Dataset entries below:

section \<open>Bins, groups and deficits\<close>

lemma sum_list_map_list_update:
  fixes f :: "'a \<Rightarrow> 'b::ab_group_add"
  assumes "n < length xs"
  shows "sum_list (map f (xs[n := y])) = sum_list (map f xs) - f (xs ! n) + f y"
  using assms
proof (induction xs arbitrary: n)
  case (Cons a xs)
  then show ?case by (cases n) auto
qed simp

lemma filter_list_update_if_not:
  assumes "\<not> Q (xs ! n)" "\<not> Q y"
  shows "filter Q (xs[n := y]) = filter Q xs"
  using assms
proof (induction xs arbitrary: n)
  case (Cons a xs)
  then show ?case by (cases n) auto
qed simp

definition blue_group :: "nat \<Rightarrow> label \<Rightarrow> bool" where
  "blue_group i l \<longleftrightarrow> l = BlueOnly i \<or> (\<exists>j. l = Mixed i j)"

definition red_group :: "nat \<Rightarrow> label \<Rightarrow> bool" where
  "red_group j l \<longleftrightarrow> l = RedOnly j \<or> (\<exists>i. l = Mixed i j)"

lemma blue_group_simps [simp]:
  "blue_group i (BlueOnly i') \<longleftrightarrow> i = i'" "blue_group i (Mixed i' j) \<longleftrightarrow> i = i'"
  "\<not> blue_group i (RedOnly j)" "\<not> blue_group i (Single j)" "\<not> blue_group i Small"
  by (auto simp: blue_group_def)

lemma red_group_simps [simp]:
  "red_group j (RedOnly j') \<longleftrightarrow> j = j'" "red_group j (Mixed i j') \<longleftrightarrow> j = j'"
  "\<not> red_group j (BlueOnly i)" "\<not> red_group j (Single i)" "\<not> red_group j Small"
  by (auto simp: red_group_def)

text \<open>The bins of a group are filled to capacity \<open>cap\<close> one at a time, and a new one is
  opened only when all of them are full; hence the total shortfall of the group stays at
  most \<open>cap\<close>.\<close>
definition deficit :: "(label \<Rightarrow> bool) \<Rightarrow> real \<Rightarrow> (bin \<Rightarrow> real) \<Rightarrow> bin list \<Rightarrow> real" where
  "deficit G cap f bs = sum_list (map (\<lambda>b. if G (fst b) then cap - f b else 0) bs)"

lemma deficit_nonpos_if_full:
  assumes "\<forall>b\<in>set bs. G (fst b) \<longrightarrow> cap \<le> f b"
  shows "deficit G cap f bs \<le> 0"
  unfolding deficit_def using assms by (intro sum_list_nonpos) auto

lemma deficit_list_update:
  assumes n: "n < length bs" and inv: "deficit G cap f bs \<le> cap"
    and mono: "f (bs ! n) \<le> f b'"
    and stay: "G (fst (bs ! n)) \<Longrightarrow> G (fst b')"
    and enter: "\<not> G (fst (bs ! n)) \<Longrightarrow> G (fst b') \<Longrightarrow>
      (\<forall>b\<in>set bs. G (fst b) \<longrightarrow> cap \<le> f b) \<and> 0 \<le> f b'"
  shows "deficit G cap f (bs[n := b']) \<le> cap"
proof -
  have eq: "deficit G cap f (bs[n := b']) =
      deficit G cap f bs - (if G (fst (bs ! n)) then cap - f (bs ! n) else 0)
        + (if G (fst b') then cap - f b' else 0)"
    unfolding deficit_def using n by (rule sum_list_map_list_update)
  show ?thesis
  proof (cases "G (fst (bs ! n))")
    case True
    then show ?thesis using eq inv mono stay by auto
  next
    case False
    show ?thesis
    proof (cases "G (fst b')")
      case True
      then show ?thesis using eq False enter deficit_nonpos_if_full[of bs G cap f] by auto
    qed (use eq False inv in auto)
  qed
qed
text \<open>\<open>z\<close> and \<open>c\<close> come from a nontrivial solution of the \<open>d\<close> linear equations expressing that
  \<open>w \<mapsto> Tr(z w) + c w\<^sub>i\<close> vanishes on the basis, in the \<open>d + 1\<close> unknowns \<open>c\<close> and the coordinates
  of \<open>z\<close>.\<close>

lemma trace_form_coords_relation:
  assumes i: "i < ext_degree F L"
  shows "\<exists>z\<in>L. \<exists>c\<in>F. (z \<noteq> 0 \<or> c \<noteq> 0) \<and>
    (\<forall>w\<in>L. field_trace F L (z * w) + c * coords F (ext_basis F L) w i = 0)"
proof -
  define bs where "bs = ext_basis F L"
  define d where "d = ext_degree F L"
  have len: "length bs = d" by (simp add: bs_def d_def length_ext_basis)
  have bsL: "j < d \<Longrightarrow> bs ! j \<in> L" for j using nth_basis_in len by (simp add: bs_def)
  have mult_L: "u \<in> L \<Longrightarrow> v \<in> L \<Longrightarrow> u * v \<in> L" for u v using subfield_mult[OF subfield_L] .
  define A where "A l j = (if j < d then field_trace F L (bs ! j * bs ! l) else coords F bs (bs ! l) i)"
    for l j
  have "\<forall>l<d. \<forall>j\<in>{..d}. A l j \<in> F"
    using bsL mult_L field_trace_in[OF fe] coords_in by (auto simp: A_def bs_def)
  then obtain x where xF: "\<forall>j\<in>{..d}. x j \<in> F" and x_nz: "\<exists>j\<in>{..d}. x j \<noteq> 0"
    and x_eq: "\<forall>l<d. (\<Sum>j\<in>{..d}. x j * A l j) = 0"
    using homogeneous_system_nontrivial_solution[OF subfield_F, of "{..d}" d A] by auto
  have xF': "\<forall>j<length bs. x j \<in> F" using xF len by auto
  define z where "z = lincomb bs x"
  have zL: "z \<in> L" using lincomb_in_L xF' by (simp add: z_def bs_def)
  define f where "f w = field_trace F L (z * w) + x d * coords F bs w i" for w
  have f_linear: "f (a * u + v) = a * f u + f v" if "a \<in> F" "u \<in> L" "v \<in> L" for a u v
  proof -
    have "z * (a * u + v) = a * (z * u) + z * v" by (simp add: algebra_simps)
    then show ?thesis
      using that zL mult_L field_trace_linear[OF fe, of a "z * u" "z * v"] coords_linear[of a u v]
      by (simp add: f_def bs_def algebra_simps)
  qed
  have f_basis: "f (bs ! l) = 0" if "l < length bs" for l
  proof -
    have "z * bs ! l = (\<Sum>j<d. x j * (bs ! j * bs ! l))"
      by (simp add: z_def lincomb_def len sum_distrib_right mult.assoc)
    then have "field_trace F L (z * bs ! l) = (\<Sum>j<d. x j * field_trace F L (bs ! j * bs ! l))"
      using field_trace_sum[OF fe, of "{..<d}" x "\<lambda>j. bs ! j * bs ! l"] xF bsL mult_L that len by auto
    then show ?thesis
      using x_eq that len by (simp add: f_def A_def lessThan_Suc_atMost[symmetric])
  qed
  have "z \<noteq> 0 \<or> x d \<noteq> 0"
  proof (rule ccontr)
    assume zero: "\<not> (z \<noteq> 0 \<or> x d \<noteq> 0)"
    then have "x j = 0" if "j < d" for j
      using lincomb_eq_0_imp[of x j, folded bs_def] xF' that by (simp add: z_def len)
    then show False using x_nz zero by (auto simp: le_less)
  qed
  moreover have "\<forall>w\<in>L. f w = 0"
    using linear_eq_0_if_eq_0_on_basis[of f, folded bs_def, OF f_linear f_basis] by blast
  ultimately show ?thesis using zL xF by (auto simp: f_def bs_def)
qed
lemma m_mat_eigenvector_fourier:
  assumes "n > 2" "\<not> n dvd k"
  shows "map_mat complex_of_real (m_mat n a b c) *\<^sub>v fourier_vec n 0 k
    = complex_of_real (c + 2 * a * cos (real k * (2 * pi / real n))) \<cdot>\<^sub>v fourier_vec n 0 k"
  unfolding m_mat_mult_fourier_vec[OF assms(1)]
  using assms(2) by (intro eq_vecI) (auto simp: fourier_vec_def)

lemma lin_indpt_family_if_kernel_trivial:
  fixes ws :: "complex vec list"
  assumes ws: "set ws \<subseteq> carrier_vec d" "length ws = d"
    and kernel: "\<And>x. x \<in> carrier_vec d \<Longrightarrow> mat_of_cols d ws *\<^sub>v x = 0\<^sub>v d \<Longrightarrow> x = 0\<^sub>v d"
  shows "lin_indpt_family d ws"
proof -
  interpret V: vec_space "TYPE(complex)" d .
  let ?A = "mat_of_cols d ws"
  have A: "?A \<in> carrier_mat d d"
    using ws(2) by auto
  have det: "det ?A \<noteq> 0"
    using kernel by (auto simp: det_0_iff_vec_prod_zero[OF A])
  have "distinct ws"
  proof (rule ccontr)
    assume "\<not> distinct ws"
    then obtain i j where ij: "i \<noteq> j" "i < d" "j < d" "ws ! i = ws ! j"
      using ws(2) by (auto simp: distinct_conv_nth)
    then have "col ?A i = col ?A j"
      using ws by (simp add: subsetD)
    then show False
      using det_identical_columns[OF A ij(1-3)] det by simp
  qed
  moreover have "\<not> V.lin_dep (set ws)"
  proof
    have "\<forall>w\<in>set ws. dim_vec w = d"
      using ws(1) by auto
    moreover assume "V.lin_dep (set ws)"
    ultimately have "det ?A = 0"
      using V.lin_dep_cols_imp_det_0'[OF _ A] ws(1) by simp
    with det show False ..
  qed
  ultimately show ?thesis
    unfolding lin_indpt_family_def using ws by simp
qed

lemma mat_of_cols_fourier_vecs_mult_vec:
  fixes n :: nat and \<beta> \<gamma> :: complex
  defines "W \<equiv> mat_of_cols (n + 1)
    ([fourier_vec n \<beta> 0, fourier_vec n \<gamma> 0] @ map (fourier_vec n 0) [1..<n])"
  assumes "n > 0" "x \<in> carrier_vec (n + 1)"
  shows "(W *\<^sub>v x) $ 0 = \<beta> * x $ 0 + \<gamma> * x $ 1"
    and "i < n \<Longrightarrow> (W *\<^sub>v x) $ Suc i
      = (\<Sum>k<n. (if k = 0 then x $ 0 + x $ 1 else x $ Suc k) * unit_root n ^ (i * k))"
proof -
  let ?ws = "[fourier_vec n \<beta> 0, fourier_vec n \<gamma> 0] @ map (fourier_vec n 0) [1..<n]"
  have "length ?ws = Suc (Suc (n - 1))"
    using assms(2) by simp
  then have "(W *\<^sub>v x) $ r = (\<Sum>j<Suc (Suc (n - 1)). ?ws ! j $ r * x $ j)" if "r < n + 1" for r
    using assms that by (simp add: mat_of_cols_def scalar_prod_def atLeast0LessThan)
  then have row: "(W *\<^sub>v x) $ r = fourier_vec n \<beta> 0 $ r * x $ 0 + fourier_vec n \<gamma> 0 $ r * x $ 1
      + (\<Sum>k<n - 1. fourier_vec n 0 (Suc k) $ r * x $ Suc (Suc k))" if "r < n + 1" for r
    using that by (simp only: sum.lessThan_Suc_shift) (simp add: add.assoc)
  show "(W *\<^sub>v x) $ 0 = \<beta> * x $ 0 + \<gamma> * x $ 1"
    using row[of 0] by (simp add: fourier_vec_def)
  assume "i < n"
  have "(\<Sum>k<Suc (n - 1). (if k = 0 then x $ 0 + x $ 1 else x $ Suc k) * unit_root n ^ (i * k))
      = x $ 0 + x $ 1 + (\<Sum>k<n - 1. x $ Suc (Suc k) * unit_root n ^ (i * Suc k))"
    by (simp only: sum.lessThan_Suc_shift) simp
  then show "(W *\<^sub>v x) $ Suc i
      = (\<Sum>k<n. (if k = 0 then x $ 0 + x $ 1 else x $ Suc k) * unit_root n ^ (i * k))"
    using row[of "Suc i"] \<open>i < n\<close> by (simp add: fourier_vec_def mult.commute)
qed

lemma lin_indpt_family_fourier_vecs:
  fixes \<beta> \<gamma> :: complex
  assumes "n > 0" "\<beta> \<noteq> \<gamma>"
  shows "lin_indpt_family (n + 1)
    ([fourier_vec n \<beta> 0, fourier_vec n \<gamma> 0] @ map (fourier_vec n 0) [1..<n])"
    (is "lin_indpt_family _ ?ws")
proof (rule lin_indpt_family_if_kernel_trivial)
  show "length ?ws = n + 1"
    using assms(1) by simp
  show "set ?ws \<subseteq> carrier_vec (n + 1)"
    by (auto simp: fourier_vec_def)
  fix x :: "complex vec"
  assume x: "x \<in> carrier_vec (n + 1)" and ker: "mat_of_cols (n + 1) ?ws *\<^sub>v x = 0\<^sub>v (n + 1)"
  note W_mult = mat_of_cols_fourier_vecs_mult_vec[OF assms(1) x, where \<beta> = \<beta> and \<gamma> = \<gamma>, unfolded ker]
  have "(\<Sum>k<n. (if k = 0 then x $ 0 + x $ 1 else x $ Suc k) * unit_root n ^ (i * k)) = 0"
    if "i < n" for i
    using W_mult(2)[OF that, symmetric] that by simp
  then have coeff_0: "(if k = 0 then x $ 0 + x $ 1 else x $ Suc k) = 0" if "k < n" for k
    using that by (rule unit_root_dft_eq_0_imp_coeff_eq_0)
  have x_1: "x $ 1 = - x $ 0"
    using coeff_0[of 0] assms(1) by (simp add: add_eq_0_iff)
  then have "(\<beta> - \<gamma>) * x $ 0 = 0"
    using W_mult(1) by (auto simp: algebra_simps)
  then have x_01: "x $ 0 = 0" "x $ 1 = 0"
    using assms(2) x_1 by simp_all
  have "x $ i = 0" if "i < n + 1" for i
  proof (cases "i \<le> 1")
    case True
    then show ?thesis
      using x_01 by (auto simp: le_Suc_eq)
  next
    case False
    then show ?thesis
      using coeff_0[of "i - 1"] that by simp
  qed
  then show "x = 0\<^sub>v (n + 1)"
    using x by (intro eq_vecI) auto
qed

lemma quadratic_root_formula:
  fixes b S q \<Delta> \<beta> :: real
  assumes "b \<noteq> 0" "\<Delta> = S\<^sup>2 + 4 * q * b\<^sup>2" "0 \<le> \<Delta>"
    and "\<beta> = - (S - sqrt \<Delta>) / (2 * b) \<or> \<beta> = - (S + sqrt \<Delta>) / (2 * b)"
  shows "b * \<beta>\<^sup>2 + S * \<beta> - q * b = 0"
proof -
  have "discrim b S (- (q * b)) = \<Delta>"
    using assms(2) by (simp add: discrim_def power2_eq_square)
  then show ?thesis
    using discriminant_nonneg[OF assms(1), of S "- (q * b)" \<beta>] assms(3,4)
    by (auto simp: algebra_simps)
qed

End of Dataset entries.

## Exercise brief
What lines above contain "bool"? Copy them out.

## Response to this task
definition blue_group :: "nat \<Rightarrow> label \<Rightarrow> bool" where
definition red_group :: "nat \<Rightarrow> label \<Rightarrow> bool" where
definition deficit :: "(label \<Rightarrow> bool) \<Rightarrow> real \<Rightarrow> (bin \<Rightarrow> real) \<Rightarrow> bin list \<Rightarrow> real" where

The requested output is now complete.